▸ Problem description
Give the number of lines in the data below that contain "shows", and only that number.

[Collected data]
lemma dual_jost_combination_coefficients:
  assumes w: "(w \<longlongrightarrow> - k0) at_top" and "k \<noteq> 0"
    and jost1: "jost_asymptotics at_top k phi1 phi1'" and jost2: "jost_asymptotics at_top (- k) phi2 phi2'"
    and comb: "\<And>x. a * dual_sol w phi1 phi1' x + b * dual_sol w phi2 phi2' x + c * phi1 x + d * phi2 x = 0"
  shows "c = - \<i> * complex_of_real (k + k0) * b \<and> d = \<i> * complex_of_real (k - k0) * a"
proof -
  define A where "A = - \<i> * complex_of_real (k - k0)"
  define B where "B = \<i> * complex_of_real (k + k0)"
  have "- \<i> * complex_of_real (k + - k0) = A" "- \<i> * complex_of_real (- k + - k0) = B"
    by (simp_all add: A_def B_def algebra_simps)
  note asymp = dual_sol_asymptotics(1)[OF w jost1, unfolded this(1)]
    dual_sol_asymptotics(1)[OF w jost2, unfolded this(2)]
  note unimodular = tendsto_mult_unimodular_iff[OF norm_plane_wave]
  have e1: "((\<lambda>x. dual_sol w phi1 phi1' x - A * plane_wave (- k) x) \<longlongrightarrow> 0) at_top"
    using asymp(1) unfolding unimodular cnj_plane_wave .
  have e2: "((\<lambda>x. dual_sol w phi2 phi2' x - B * plane_wave k x) \<longlongrightarrow> 0) at_top"
    using asymp(2) unfolding unimodular cnj_plane_wave minus_minus .
  have e3: "((\<lambda>x. phi1 x - 1 * plane_wave k x) \<longlongrightarrow> 0) at_top"
    using jost1 unfolding jost_asymptotics_def unimodular cnj_plane_wave minus_minus by blast
  have e4: "((\<lambda>x. phi2 x - 1 * plane_wave (- k) x) \<longlongrightarrow> 0) at_top"
    using jost2 unfolding jost_asymptotics_def unimodular cnj_plane_wave minus_minus by blast
  have "((\<lambda>x. a * (dual_sol w phi1 phi1' x - A * plane_wave (- k) x)
      + b * (dual_sol w phi2 phi2' x - B * plane_wave k x)
      + c * (phi1 x - 1 * plane_wave k x) + d * (phi2 x - 1 * plane_wave (- k) x)) \<longlongrightarrow> 0) at_top"
    by (intro tendsto_add_zero tendsto_mult_right_zero e1 e2 e3 e4)
  moreover have "a * (dual_sol w phi1 phi1' x - A * plane_wave (- k) x)
      + b * (dual_sol w phi2 phi2' x - B * plane_wave k x)
      + c * (phi1 x - 1 * plane_wave k x) + d * (phi2 x - 1 * plane_wave (- k) x)
      = - ((b * B + c) * plane_wave k x + (a * A + d) * plane_wave (- k) x)" for x
    using comb[of x] by (simp add: algebra_simps)
  ultimately have "((\<lambda>x. - ((b * B + c) * plane_wave k x + (a * A + d) * plane_wave (- k) x)) \<longlongrightarrow> 0) at_top"
    by simp
  from tendsto_minus[OF this]
  have "((\<lambda>x. (b * B + c) * plane_wave k x + (a * A + d) * plane_wave (- k) x) \<longlongrightarrow> 0) at_top"
    by (simp only: minus_minus minus_zero)
  then have "b * B + c = 0 \<and> a * A + d = 0"
    by (rule plane_wave_combination_tendsto_zero[OF \<open>k \<noteq> 0\<close>])
  then have "c = - (b * B)" and "d = - (a * A)"
    by (simp_all add: add_eq_0_iff)
  then show ?thesis
    by (simp add: A_def B_def)
qed

theorem mainTheorem5:
  fixes k0 k :: real
    and w wd wdd :: "real \<Rightarrow> real"
    and phi1L phi2L phi1R phi2R :: "real \<Rightarrow> complex"
    and M11 M12 M21 M22 :: complex
  assumes k0_pos: "k0 > 0"
    and w_deriv: "\<forall>x. (w has_real_derivative wd x) (at x)"
    and wd_deriv: "\<forall>x. (wd has_real_derivative wdd x) (at x)"
    and wdd_cont: "continuous_on UNIV wdd"
    and w_bot: "(w \<longlongrightarrow> k0) at_bot"
    and w_top: "(w \<longlongrightarrow> - k0) at_top"
    and U_int: "(\<lambda>x. (1 + \<bar>x\<bar>) * cmod (pot w wd k0 x)) integrable_on UNIV"
    and k_nz: "k \<noteq> 0"
    and J1L: "jost (pot w wd k0) k (\<i> * complex_of_real k) at_bot phi1L"
    and J2L: "jost (pot w wd k0) k (- \<i> * complex_of_real k) at_bot phi2L"
    and J1R: "jost (pot w wd k0) k (\<i> * complex_of_real k) at_top phi1R"
    and J2R: "jost (pot w wd k0) k (- \<i> * complex_of_real k) at_top phi2R"
    and M1: "\<forall>x. phi1L x = M11 * phi1R x + M21 * phi2R x"
    and M2: "\<forall>x. phi2L x = M12 * phi1R x + M22 * phi2R x"
  shows "complex_of_real (k + k0) * M22 = complex_of_real (k - k0) * cnj M11
    \<and> (k \<noteq> k0 \<and> k \<noteq> - k0 \<longrightarrow>
          M11 = cnj M22 * complex_of_real ((k + k0) / (k - k0)) \<and> M12 = - cnj M21)
    \<and> (k = k0 \<longrightarrow> M22 = 0)
    \<and> (k \<noteq> k0 \<and> k \<noteq> - k0 \<and> M22 = 0 \<longrightarrow> M11 = 0)"
  \<comment> \<open>wd_deriv, wdd_cont and U_int only serve to guarantee that the Jost solutions exist;
    here they are given.\<close>
proof -
  have minus_ik: "- \<i> * complex_of_real k = \<i> * complex_of_real (- k)"
    by simp
  obtain phi1L' phi2L' phi1R' phi2R' where
      sol1L: "schr_sol (pot w wd k0) k phi1L phi1L'" and jost1L: "jost_asymptotics at_bot k phi1L phi1L'"
    and sol2L: "schr_sol (pot w wd k0) k phi2L phi2L'" and jost2L: "jost_asymptotics at_bot (- k) phi2L phi2L'"
    and sol1R: "schr_sol (pot w wd k0) k phi1R phi1R'" and jost1R: "jost_asymptotics at_top k phi1R phi1R'"
    and sol2R: "schr_sol (pot w wd k0) k phi2R phi2R'" and jost2R: "jost_asymptotics at_top (- k) phi2R phi2R'"
    using J1L J2L J1R J2R unfolding minus_ik by (meson jost_imp_asymptotics)
  have "phi1L = (\<lambda>x. M11 * phi1R x + M21 * phi2R x)"
    using M1 by blast
  with sol1L have "phi1L' = (\<lambda>x. M11 * phi1R' x + M21 * phi2R' x)"
    using schr_sol_deriv_unique schr_sol_lincomb[OF sol1R sol2R] by metis
  then have "cnj M11 * dual_sol w phi1R phi1R' x + cnj M21 * dual_sol w phi2R phi2R' x
      + \<i> * complex_of_real (k + k0) * M12 * phi1R x + \<i> * complex_of_real (k + k0) * M22 * phi2R x = 0" for x
    using dual_sol_left_jost[OF w_deriv[rule_format] w_bot k_nz sol1L jost1L sol2L jost2L, of x] M1 M2
    by (simp add: dual_sol_def algebra_simps)
  from dual_jost_combination_coefficients[OF w_top k_nz jost1R jost2R this]
  have "\<i> * (complex_of_real (k + k0) * (M12 + cnj M21)) = 0"
    and "\<i> * (complex_of_real (k + k0) * M22 - complex_of_real (k - k0) * cnj M11) = 0"
    by algebra+
  then have A: "complex_of_real (k + k0) * (M12 + cnj M21) = 0"
    and B: "complex_of_real (k + k0) * M22 = complex_of_real (k - k0) * cnj M11"
    by simp_all
  from arg_cong[OF B, of cnj]
  have B': "complex_of_real (k + k0) * cnj M22 = complex_of_real (k - k0) * M11"
    by simp
  show ?thesis
  proof (intro conjI impI)
    show "complex_of_real (k + k0) * M22 = complex_of_real (k - k0) * cnj M11"
      by (rule B)
  next
    assume "k \<noteq> k0 \<and> k \<noteq> - k0"
    then have "complex_of_real (k - k0) \<noteq> 0" and "complex_of_real (k + k0) \<noteq> 0"
      by (auto simp del: of_real_add of_real_diff)
    with B' show "M11 = cnj M22 * complex_of_real ((k + k0) / (k - k0))"
      by (simp add: field_simps)
    from A \<open>complex_of_real (k + k0) \<noteq> 0\<close> show "M12 = - cnj M21"
      by (simp add: add_eq_0_iff2 del: of_real_add)
  next
    assume "k = k0"
    with B k0_pos show "M22 = 0"
      by simp
  next
    assume "k \<noteq> k0 \<and> k \<noteq> - k0 \<and> M22 = 0"
    with B show "M11 = 0"
      by simp
  qed
qed

end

▸ Answer below
2